B. Pakaian Adat Suku Sabu 
Suku Sabu adalah suku mayoritas yang bermukim di Pulau Rai Hawu atau Sabu, Kabupaten Kupang. Suku ini juga memiliki pakaian adat NTT khas yang bernama pakaian adat Sabu. Untuk para pria, perlengkapan yang dikenakan adalah kemeja putih lengan panjang, bawahan dan selendang yang diselempangkan ke bahu berupa sarung tenun, ikat kepala berupa mahkota tiga tiang terbuat dari emas kalung mutisalak, sabuk berkantong, perhiasan leher (habas), dan sepasang gelang emas.
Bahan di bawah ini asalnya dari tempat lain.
lemma Wm_rect_Suc:
  assumes "Suc l \<le> n" "length zs = l" "zs \<noteq> []"
  shows "Wm p q t a b (y # zs) (rect n m (Suc l)) (replicate n 0) =
    W1 p q t (a * t ^ (2 * l)) (b * t ^ l) (y * t powi (- int l)) (rect n m (Suc l)) (rect n m l)
    * Wm p q t a b zs (rect n m l) (replicate n 0)"
proof -
  obtain z zs' where zs: "zs = z # zs'"
    using assms(3) by (cases zs) auto
  let ?S = "{\<nu>. length \<nu> = length (rect n m (Suc l)) \<and> interlace (rect n m (Suc l)) \<nu>}"
  let ?g = "\<lambda>\<nu>. W1 p q t (a * t ^ (2 * l)) (b * t ^ l) (y * t powi (- int l)) (rect n m (Suc l)) \<nu>
    * Wm p q t a b zs \<nu> (replicate n 0)"
  have only_rect: "\<nu> = rect n m l" if "\<nu> \<in> ?S" "?g \<nu> \<noteq> 0" for \<nu>
  proof (rule part_eqI)
    have il: "interlace (rect n m (Suc l)) \<nu>" and len: "length \<nu> = n"
      using that(1) assms(1) by auto
    have vanish: "part \<nu> i = 0" if "l < i" for i
      using Wm_nonzero_imp_part_eq_0[of zs p q t a b \<nu> n i] that \<open>?g \<nu> \<noteq> 0\<close> assms by auto
    show "length \<nu> = length (rect n m l)"
      using len assms(1) by simp
    fix i assume "1 \<le> i" "i \<le> length \<nu>"
    then show "part \<nu> i = part (rect n m l) i"
      using interlace_part_le[OF il, of i] interlace_part_Suc_le[OF il, of i] vanish[of i] assms(1)
      by (auto simp: part_rect)
  qed
  have "Wm p q t a b (y # zs) (rect n m (Suc l)) (replicate n 0) = sum ?g ?S"
    using zs assms(2) by simp
  also have "\<dots> = sum ?g {rect n m l}"
    using only_rect interlace_rect[OF assms(1)] assms(1)
    by (intro sum.mono_neutral_right finite_interlace) auto
  finally show ?thesis
    by simp
qed

lemma W1_theta_prod_rect:
  assumes "Suc l \<le> n" "\<And>i. Eth p (b * t powi (1 - 2 * int i)) \<noteq> 0"
  shows "(\<Prod>i\<in>{1..length (rect n m (Suc l))}.
      Eth p (b * t powi (1 - 2 * int i) * q powi (2 * part (rect n m l) i)) / Eth p (b * t powi (1 - 2 * int i))
      * epoch p q (b * t powi (1 - 2 * int i)) (part (rect n m l) i + part (rect n m (Suc l)) (i + 1))
      / epoch p q (b * q * t powi (- 2 * int i)) (part (rect n m l) i + part (rect n m (Suc l)) (i + 1))
      * t powi (int i * (part (rect n m l) i - part (rect n m (Suc l)) (i + 1))))
    = (\<Prod>i\<in>{1..l}. epoch p q (q * b * t powi (1 - 2 * int i)) (2 * int m)
                     / epoch p q (q * b * t powi (- 2 * int i)) (2 * int m))"
    (is "prod ?F _ = prod ?G _")
proof -
  have "?F i = ?G i" if "1 \<le> i" "i \<le> l" for i
  proof -
    have parts: "part (rect n m l) i = int m" "part (rect n m (Suc l)) (i + 1) = int m"
      using that assms(1) by (auto simp: part_rect)
    have qpow: "q powi (2 * int m) = q ^ (2 * m)"
      using power_int_of_nat[of q "2 * m"] by simp
    have "Eth p (b * t powi (1 - 2 * int i) * q ^ (2 * m)) / Eth p (b * t powi (1 - 2 * int i))
        * epoch p q (b * t powi (1 - 2 * int i)) (int (2 * m))
      = epoch p q (q * (b * t powi (1 - 2 * int i))) (int (2 * m))"
      by (rule epoch_shift[OF assms(2)])
    then show ?thesis
      by (simp only: parts qpow) (simp add: mult_2 power_add mult_ac)
  qed
  moreover have "?F i = 1" if "l < i" "i \<le> n" for i
  proof -
    have "part (rect n m l) i = 0" "part (rect n m (Suc l)) (i + 1) = 0"
      using that assms(1) by (auto simp: part_rect)
    then show ?thesis
      using assms(2)[of i] by simp
  qed
  ultimately show ?thesis
    using assms(1) by (intro prod.mono_neutral_cong_right) auto
qed
(* Let $A$ be an abelian group of order $n$. The number of quadruples $(C,Z,S',S'')$ such that $C,Z$ are subgroups of $A$ with $A=C\times Z$, $C$ is cyclic of order $t\geq 4$, $Z$ is an elementary abelian $2$-group, $S'\in\{C,\emptyset,\{1\},C\setminus\{1\}\}$ and $S''\subseteq Z$, is at most $2^{n/4+2\log_2 n-1}$.
   Context: $A=C\times Z$ means $A$ is the internal direct product of its subgroups $C$ and $Z$; the trivial group counts as an elementary abelian $2$-group. *)

theory Defs
  imports Complex_Main "HOL-Algebra.Algebra"
begin

definition internal_dirprod :: "('a, 'b) monoid_scheme \<Rightarrow> 'a set \<Rightarrow> 'a set \<Rightarrow> bool" where
  "internal_dirprod G C Z \<longleftrightarrow> subgroup C G \<and> subgroup Z G \<and>
     C \<inter> Z = {\<one>\<^bsub>G\<^esub>} \<and> C <#>\<^bsub>G\<^esub> Z = carrier G"

definition elem_abelian_2 :: "('a, 'b) monoid_scheme \<Rightarrow> 'a set \<Rightarrow> bool" where
  "elem_abelian_2 G Z \<longleftrightarrow> subgroup Z G \<and> (\<forall>z\<in>Z. z \<otimes>\<^bsub>G\<^esub> z = \<one>\<^bsub>G\<^esub>)"

end

theory Submission
  imports Defs
begin

text \<open>
  Let \<open>T\<close> be the subgroup of elements of order at most 2 in \<open>A\<close>, and \<open>w = |T|\<close>.
  In a splitting \<open>A = C \<times> Z\<close> the elements of \<open>T\<close> are products of such elements of
  \<open>C\<close> and of \<open>Z\<close>; as the cyclic group \<open>C\<close> has at most two of them, \<open>Z\<close> is a
  subgroup of index at most 2 of the elementary abelian group \<open>T\<close>. Such a subgroup is
  determined by which elements of a generating set of \<open>T\<close> of size at most \<open>log\<^sub>2 w\<close> it
  contains, so there are at most \<open>w\<close> choices for \<open>Z\<close>. Since \<open>|C| \<ge> 4\<close>, the cyclic
  factor \<open>C\<close> has at least two generators \<open>g, g\<inverse>\<close>, none of them in \<open>T\<close>, and
  distinct factors have disjoint sets of generators, so there are at most \<open>(n - w)/2\<close>
  choices for \<open>C\<close>. Hence there are at most \<open>(n - w) w / 2 \<le> n\<^sup>2/8\<close> pairs
  \<open>(C, Z)\<close>, each admitting at most \<open>4 \<cdot> 2\<^bsup>|Z|\<^esup> \<le> 4 \<cdot> 2\<^bsup>n/4\<^esup>\<close>
  choices of \<open>(S', S'')\<close>.
\<close>

lemma (in group) card_Un_mult_image:
  assumes H: "subgroup H G" "finite H" and x: "x \<in> carrier G" "x \<notin> H"
  shows "card (H \<union> ((\<otimes>) x ` H)) = 2 * card H"
proof -
  have Hc: "H \<subseteq> carrier G" using H(1) subgroup.subset by blast
  have "H \<inter> ((\<otimes>) x ` H) = {}"
  proof (rule ccontr)
    assume "H \<inter> ((\<otimes>) x ` H) \<noteq> {}"
    then obtain h where h: "h \<in> H" "x \<otimes> h \<in> H" by blast
    then have "(x \<otimes> h) \<otimes> inv h \<in> H" using H(1) by (meson subgroup.m_closed subgroup.m_inv_closed)
    then show False using h x Hc by (auto simp: m_assoc)
  qed
  moreover have "card ((\<otimes>) x ` H) = card H"
    using inj_on_g'[OF Hc x(1)] by (rule card_image)
  ultimately show ?thesis using H(2) by (simp add: card_Un_disjoint)
qed
(* There exist a set $\Omega$ with exactly three elements, a distribution $m\in\Delta(\Omega)$ and $\lambda\in[0,1)$ defining an irreducible Markov chain with transitions $\pi(\omega\mid\omega)=(1-\lambda)m(\omega)+\lambda$ and $\pi(\omega'\mid\omega)=(1-\lambda)m(\omega')$ for $\omega'\neq\omega$, a payoff function $r:\Omega\to\mathbb{R}$, a discount factor $\delta\in(0,1)$ and an initial belief $p_1\in\Delta(\Omega)$ such that the greedy strategy $\sigma_*$ is not optimal at $p_1$ in the decision problem described in the context.
   Context: Identify each $\omega\in\Omega$ with a unit vector of $\mathbb{R}^\Omega$ and $\Delta(\Omega)$ with the unit simplex. For $p\in\Delta(\Omega)$ let $\langle p,r\rangle=\sum_\omega p(\omega)r(\omega)$; $I=\{p:\langle p,r\rangle\ge0\}$, $J=\Delta(\Omega)\setminus I$. Let $M$ be the transition matrix and $\phi(q)=qM$ (for the chain above, $\phi(p)=m+\lambda(p-m)$). $\mathcal{S}(p)$ is the set of Borel probability measures on $\Delta(\Omega)$ with mean $p$, $\mu_p$ the Dirac mass at $p$. Decision problem from $p_1$: at each stage $n$, at belief $p_n$, the advisor chooses $\mu\in\mathcal{S}(p_n)$ (possibly depending on the past), a posterior $q_n\sim\mu$ is drawn, the stage payoff is $\mathbf{1}_{\{q_n\in I\}}$, and $p_{n+1}=\phi(q_n)$. A strategy's payoff is $\mathbb{E}[(1-\delta)\sum_{n\ge1}\delta^{n-1}\mathbf{1}_{\{q_n\in I\}}]$; $V_\delta(p_1)$ is the maximal payoff; a strategy is optimal at $p_1$ if it achieves it. The greedy strategy $\sigma_*$: at $p\in I$ choose $\mu_p$; at $p\in J$ choose a two-point splitting $p=a_Iq_I+a_Jq_J$ maximizing $a_I$ subject to $q_I\in I$, $q_J\in\Delta(\Omega)$, $a_I+a_J=1$, $a_I,a_J\ge0$. *)

theory Defs
  imports "HOL-Probability.Probability"
begin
Sementara untuk para wanita, kebaya dan kain tenun dengan 2 kali lilitan adalah pilihan utamanya. Kain tenun tersebut berupa sarung dengan ikat pinggang bernama pending.
C. Pakaian Adat Suku Helong
Helong adalah suku mayoritas yang mendiami pulau Timau atau pulau Semau. Dari asal usulnya, suku ini disebut berasal dari pulau Halong di Maluku. Suku ini memiliki pakaian adat NTT khas yang bernama pakaian adat Helong. Untuk pria pakaian adat ini berupa selimut besar yang diikat di pinggang sebagai bawahan, baju bodo (kemeja), destar sebagai pengikat kepala, dan habas atau perhiasan leher. Sementara untuk perempuannya, mereka menggunakan kebaya -kadang berupa kemben saja, sarung yang diikat dengan ikat pinggang emas (pending), perhiasan kepala bula molik (bulan sabit), giwang (karabu), dan hiasan leher yang juga berbentuk bulan
D. Pakaian Adat Suku Dawan 
Suku Dawan adalah suku yang mendiami wilayah di sekitar Kabupaten Kupang, Kabupaten Timor, dan sebagian Kabupaten Belu. Suku ini memiliki pakaian adat NTT yang bernama baju amarasi. Baju amarasi untuk pria berupa selimut dari kain tenun ikat, baju bodo, kalung habas berbandung gong, ikat kepala dengan hiasan tiara, muti salak, dan gelang timor. Sementara baju amarasi untuk wanita berupa sarung tenun sebagai bawahan, selendang penutup dada, kebaya, kalung muti salak, hiasan kepala berupa tusuk konde dengan 3 buah koin, sisir emas, dan sepasang gelang kepala ular.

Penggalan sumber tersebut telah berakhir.